→ **Your instructions**
Only one stretch of the data below should be repeated: the lines from the line containing "left kernel vector" through the line containing "set \<Rightarrow> ('a", inclusive, exactly as they are.

** Opening Record set block **

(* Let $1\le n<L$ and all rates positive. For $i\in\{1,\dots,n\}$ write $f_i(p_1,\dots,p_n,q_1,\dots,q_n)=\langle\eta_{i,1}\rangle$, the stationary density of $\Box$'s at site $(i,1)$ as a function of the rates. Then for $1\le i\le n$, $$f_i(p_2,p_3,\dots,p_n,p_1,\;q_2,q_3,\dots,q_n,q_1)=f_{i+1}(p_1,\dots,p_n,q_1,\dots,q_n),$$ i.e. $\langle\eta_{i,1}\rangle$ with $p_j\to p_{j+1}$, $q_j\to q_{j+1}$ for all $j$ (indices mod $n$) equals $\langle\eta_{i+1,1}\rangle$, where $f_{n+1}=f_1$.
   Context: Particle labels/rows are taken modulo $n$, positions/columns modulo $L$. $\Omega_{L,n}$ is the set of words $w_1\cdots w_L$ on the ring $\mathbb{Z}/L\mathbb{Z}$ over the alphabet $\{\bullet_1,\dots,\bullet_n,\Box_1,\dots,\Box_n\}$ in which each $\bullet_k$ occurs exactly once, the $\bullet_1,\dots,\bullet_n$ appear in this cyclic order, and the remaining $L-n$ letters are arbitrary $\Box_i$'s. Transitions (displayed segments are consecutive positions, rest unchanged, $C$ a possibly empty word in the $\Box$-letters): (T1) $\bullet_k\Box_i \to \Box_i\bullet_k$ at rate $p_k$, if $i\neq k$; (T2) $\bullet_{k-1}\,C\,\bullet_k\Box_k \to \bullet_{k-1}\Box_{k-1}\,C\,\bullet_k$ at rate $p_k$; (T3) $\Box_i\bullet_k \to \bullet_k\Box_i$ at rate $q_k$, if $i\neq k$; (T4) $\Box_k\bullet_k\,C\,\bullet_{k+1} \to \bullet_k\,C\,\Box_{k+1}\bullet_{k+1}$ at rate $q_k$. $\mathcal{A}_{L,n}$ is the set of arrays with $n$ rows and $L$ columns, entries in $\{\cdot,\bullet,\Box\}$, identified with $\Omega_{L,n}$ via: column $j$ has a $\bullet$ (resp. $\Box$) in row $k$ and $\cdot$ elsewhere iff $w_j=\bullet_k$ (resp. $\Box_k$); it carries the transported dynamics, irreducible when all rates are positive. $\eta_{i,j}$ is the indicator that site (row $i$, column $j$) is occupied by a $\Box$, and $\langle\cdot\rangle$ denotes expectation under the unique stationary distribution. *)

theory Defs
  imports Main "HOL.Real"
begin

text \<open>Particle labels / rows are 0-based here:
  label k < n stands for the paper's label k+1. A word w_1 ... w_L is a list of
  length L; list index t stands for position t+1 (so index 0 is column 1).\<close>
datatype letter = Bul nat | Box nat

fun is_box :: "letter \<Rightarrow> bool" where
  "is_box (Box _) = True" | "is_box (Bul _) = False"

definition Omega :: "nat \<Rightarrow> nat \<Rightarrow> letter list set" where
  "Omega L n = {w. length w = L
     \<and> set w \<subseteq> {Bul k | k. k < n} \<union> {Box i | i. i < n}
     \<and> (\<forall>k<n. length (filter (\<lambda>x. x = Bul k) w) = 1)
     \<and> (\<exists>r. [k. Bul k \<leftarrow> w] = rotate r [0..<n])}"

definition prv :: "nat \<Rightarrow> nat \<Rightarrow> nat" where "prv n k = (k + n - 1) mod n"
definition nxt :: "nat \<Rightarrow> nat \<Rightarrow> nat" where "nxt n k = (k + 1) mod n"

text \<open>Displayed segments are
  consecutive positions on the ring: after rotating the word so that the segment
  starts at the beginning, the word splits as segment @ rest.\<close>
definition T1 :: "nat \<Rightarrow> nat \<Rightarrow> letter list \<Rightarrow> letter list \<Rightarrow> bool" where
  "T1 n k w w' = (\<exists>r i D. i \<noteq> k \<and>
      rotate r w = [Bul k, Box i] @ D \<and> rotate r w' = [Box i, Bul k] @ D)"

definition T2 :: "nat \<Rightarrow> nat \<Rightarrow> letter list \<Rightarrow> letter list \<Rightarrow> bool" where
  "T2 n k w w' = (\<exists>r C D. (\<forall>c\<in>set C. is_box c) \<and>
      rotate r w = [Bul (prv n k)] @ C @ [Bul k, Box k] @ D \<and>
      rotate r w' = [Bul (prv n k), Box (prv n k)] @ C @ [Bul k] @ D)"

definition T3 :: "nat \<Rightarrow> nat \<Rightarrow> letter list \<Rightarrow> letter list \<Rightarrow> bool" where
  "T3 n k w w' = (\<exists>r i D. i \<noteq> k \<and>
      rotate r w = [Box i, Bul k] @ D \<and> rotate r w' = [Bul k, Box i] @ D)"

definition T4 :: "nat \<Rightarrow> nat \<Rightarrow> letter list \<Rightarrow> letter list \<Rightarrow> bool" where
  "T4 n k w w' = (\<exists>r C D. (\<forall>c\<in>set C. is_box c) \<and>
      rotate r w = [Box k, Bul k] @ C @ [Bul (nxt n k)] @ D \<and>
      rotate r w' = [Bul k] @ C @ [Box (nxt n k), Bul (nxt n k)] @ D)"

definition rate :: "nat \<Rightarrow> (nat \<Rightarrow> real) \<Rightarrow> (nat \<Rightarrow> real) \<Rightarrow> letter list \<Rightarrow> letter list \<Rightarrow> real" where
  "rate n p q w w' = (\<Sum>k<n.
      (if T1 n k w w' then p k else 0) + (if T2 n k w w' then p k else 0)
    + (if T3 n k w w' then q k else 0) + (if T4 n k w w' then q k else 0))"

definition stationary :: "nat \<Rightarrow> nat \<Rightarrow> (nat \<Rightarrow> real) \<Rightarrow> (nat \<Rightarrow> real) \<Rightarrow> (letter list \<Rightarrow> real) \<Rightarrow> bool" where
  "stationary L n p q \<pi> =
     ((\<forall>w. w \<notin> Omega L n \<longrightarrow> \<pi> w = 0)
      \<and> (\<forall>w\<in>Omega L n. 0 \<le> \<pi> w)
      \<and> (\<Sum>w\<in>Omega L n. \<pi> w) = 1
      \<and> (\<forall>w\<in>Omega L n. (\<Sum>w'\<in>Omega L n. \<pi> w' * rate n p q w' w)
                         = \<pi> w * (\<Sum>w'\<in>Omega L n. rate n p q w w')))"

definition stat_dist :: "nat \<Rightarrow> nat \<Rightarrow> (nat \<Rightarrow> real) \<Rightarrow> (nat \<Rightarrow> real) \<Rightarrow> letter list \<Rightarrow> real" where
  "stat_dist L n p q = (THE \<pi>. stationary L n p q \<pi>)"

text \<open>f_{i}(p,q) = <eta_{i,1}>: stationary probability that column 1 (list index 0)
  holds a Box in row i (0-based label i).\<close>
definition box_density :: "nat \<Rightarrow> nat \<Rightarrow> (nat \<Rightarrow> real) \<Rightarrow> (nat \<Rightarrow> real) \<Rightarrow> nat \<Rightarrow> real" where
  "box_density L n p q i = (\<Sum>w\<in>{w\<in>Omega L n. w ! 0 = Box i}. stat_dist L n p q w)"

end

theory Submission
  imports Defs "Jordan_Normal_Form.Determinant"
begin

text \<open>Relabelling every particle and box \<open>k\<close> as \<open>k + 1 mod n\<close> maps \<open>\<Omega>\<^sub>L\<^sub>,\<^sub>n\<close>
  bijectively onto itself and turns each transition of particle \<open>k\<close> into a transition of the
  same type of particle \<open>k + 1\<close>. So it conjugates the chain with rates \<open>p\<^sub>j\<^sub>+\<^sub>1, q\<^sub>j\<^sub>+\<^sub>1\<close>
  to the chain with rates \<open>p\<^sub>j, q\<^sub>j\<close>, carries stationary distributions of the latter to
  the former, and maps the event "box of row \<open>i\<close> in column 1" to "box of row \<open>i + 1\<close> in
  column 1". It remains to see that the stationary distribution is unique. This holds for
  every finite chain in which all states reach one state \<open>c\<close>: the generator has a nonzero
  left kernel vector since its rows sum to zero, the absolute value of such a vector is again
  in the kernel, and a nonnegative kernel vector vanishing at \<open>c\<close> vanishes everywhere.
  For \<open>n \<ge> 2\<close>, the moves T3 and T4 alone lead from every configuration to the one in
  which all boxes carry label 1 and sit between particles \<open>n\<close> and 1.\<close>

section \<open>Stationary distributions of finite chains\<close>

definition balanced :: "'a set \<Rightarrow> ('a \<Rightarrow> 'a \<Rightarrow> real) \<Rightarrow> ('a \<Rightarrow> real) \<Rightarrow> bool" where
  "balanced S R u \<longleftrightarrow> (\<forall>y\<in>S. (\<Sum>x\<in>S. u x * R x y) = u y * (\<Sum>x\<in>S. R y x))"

** Closing Record set block **

→ **Solution for this exercise**
  left kernel vector since its rows sum to zero, the absolute value of such a vector is again
  in the kernel, and a nonnegative kernel vector vanishing at \<open>c\<close> vanishes everywhere.
  For \<open>n \<ge> 2\<close>, the moves T3 and T4 alone lead from every configuration to the one in
  which all boxes carry label 1 and sit between particles \<open>n\<close> and 1.\<close>

section \<open>Stationary distributions of finite chains\<close>

definition balanced :: "'a set \<Rightarrow> ('a \<Rightarrow> 'a \<Rightarrow> real) \<Rightarrow> ('a \<Rightarrow> real) \<Rightarrow> bool" where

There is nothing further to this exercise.